Pull each line with the string "fixes" from the entries.

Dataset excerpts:
- - - -

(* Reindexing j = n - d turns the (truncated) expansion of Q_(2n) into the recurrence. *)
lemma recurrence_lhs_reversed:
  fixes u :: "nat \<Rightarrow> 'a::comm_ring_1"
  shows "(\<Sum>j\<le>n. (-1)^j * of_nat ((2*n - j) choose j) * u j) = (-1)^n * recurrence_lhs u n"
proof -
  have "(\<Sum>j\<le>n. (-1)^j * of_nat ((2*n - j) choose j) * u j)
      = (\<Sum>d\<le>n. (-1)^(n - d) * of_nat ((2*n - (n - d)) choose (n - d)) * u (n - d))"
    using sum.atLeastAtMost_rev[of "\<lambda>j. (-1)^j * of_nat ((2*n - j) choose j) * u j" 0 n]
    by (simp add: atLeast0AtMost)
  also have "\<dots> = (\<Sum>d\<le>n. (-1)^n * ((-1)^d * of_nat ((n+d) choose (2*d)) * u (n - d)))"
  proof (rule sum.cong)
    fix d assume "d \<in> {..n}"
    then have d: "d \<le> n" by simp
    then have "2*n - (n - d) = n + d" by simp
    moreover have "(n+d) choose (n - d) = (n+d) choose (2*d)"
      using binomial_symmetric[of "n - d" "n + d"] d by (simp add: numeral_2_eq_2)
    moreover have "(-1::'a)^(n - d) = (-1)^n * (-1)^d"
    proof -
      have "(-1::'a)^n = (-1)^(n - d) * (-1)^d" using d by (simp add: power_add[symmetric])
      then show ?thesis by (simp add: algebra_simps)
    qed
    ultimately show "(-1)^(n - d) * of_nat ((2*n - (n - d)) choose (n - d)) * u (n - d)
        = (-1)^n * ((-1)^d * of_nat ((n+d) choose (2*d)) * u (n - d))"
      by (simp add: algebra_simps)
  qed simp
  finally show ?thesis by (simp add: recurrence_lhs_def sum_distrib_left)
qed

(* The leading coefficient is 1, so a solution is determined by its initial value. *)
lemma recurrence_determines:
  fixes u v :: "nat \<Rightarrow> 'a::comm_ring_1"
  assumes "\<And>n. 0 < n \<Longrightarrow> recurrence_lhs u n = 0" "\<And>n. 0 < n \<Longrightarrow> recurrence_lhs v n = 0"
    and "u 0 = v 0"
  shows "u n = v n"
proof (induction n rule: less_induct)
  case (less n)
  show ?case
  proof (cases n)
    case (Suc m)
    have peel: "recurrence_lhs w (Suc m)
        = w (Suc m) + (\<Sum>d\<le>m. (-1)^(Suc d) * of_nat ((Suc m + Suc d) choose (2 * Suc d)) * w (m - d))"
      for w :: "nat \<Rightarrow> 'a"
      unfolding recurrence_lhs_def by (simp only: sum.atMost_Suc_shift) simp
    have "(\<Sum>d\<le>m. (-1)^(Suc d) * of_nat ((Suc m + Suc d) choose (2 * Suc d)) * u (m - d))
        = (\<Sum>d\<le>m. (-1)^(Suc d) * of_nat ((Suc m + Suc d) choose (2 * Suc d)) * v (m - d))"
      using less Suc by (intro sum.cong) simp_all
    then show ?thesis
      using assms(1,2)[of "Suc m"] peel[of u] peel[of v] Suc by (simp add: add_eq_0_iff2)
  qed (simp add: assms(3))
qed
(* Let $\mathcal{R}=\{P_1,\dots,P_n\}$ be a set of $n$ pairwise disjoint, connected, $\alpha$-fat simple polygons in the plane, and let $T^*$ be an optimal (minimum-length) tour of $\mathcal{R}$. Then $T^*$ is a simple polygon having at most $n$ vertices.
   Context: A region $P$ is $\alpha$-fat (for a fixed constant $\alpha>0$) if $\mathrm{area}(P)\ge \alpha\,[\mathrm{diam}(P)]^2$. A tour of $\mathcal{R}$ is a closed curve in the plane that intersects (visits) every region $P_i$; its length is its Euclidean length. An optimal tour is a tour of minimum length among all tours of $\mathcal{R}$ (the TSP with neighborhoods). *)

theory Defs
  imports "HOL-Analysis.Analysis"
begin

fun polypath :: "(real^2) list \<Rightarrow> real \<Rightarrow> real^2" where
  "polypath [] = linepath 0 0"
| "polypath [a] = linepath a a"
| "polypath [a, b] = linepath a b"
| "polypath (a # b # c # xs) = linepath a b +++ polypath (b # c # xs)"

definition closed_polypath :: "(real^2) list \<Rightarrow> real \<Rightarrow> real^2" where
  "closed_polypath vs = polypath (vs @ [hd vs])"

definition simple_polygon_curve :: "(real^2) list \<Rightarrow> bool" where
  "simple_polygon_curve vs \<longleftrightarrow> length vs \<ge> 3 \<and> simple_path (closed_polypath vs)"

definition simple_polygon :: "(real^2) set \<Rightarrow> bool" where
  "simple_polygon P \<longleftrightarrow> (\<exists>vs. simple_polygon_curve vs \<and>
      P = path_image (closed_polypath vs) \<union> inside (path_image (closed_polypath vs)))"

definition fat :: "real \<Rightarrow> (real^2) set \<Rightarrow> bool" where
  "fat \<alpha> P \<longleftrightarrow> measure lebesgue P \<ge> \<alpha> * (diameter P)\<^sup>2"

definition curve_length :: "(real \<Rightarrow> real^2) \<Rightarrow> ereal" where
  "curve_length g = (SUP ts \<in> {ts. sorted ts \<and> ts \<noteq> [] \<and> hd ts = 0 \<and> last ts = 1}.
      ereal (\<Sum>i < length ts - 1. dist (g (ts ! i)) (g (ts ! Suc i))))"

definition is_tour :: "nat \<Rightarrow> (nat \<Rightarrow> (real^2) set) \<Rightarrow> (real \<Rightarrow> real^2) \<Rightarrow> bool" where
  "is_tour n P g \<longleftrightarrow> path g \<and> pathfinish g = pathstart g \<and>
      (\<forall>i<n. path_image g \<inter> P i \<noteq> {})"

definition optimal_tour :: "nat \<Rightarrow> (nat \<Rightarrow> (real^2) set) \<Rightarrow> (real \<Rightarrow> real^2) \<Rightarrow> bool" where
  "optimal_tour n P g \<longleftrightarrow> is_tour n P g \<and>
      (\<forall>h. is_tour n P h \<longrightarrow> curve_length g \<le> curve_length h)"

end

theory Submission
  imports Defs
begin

- - - -

» Written answer:
  fixes u :: "nat \<Rightarrow> 'a::comm_ring_1"
  fixes u v :: "nat \<Rightarrow> 'a::comm_ring_1"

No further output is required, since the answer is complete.